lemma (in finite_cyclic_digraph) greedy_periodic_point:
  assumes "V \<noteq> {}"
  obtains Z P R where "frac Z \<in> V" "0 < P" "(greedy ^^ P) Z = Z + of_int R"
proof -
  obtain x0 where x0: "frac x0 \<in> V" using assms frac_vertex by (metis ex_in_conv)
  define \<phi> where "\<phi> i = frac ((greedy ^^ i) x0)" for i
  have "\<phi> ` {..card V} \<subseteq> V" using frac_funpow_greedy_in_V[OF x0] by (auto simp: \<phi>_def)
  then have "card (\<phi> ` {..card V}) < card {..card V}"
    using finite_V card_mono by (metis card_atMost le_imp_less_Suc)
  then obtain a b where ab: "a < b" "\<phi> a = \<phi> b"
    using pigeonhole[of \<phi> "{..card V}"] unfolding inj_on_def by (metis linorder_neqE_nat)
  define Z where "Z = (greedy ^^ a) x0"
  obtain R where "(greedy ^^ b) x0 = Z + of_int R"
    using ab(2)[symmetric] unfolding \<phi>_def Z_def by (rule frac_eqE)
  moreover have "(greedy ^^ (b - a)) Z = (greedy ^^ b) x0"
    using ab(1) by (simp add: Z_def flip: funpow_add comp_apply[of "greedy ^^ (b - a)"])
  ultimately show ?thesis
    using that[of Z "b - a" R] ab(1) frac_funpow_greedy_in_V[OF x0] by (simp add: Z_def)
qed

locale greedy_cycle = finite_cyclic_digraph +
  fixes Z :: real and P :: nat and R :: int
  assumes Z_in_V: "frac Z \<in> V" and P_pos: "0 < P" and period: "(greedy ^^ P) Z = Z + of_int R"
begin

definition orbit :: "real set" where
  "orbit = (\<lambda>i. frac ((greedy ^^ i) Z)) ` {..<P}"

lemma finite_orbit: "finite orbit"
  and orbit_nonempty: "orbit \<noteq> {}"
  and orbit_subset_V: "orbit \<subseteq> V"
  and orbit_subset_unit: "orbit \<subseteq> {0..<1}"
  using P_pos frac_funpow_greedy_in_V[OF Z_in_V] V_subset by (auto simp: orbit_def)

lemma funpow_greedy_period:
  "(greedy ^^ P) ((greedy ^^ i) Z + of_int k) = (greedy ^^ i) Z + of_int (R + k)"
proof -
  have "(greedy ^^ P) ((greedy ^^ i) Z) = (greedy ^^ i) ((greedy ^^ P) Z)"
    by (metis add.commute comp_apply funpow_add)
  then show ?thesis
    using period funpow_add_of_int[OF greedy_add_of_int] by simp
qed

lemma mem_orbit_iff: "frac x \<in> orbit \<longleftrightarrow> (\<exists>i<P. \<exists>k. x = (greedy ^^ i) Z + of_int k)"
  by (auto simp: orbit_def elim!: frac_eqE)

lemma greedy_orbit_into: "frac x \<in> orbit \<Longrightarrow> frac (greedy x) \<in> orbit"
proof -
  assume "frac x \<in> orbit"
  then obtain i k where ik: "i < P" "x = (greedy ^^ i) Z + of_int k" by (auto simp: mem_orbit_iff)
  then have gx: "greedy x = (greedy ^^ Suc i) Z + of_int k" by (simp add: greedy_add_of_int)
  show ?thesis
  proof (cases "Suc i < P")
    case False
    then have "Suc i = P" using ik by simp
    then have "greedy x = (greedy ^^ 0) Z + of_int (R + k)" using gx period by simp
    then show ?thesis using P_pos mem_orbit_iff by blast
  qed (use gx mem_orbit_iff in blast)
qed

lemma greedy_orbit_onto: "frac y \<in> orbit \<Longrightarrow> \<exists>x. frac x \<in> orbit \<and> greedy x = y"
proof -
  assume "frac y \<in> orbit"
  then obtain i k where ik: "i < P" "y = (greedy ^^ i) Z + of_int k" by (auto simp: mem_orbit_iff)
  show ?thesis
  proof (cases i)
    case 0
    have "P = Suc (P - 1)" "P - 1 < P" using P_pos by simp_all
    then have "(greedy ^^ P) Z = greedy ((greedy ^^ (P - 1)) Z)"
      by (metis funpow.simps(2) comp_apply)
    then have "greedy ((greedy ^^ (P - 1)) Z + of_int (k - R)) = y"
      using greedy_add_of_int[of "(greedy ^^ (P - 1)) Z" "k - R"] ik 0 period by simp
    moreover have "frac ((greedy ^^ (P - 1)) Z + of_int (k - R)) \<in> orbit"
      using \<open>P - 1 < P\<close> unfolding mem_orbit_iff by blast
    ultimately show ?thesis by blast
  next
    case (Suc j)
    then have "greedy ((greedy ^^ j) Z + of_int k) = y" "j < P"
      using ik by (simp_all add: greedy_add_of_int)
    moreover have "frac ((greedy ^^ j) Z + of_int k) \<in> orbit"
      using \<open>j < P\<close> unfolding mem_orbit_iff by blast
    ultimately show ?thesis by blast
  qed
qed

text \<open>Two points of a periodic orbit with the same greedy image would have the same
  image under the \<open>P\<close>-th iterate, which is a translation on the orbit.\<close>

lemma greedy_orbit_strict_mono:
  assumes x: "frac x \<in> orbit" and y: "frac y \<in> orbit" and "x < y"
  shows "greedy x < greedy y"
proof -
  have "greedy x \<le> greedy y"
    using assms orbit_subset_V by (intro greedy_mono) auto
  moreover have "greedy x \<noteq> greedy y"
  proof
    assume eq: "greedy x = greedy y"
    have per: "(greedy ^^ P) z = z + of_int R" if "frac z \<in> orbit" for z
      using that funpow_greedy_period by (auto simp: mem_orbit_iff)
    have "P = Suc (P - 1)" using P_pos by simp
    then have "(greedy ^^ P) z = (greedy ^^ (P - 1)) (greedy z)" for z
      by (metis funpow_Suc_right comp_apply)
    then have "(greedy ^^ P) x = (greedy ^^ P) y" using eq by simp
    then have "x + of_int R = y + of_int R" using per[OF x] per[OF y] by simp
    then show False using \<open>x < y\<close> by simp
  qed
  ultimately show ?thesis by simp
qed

--*--

WHAT TO DO: Please, from the material above, copy only the lines from the line with "using that[of Z" up to and including the line with "gx period by simp", exactly as written.

WRITTEN REPLY:
    using that[of Z "b - a" R] ab(1) frac_funpow_greedy_in_V[OF x0] by (simp add: Z_def)
qed

locale greedy_cycle = finite_cyclic_digraph +
  fixes Z :: real and P :: nat and R :: int
  assumes Z_in_V: "frac Z \<in> V" and P_pos: "0 < P" and period: "(greedy ^^ P) Z = Z + of_int R"
begin

definition orbit :: "real set" where
  "orbit = (\<lambda>i. frac ((greedy ^^ i) Z)) ` {..<P}"

lemma finite_orbit: "finite orbit"
  and orbit_nonempty: "orbit \<noteq> {}"
  and orbit_subset_V: "orbit \<subseteq> V"
  and orbit_subset_unit: "orbit \<subseteq> {0..<1}"
  using P_pos frac_funpow_greedy_in_V[OF Z_in_V] V_subset by (auto simp: orbit_def)

lemma funpow_greedy_period:
  "(greedy ^^ P) ((greedy ^^ i) Z + of_int k) = (greedy ^^ i) Z + of_int (R + k)"
proof -
  have "(greedy ^^ P) ((greedy ^^ i) Z) = (greedy ^^ i) ((greedy ^^ P) Z)"
    by (metis add.commute comp_apply funpow_add)
  then show ?thesis
    using period funpow_add_of_int[OF greedy_add_of_int] by simp
qed

lemma mem_orbit_iff: "frac x \<in> orbit \<longleftrightarrow> (\<exists>i<P. \<exists>k. x = (greedy ^^ i) Z + of_int k)"
  by (auto simp: orbit_def elim!: frac_eqE)

lemma greedy_orbit_into: "frac x \<in> orbit \<Longrightarrow> frac (greedy x) \<in> orbit"
proof -
  assume "frac x \<in> orbit"
  then obtain i k where ik: "i < P" "x = (greedy ^^ i) Z + of_int k" by (auto simp: mem_orbit_iff)
  then have gx: "greedy x = (greedy ^^ Suc i) Z + of_int k" by (simp add: greedy_add_of_int)
  show ?thesis
  proof (cases "Suc i < P")
    case False
    then have "Suc i = P" using ik by simp
    then have "greedy x = (greedy ^^ 0) Z + of_int (R + k)" using gx period by simp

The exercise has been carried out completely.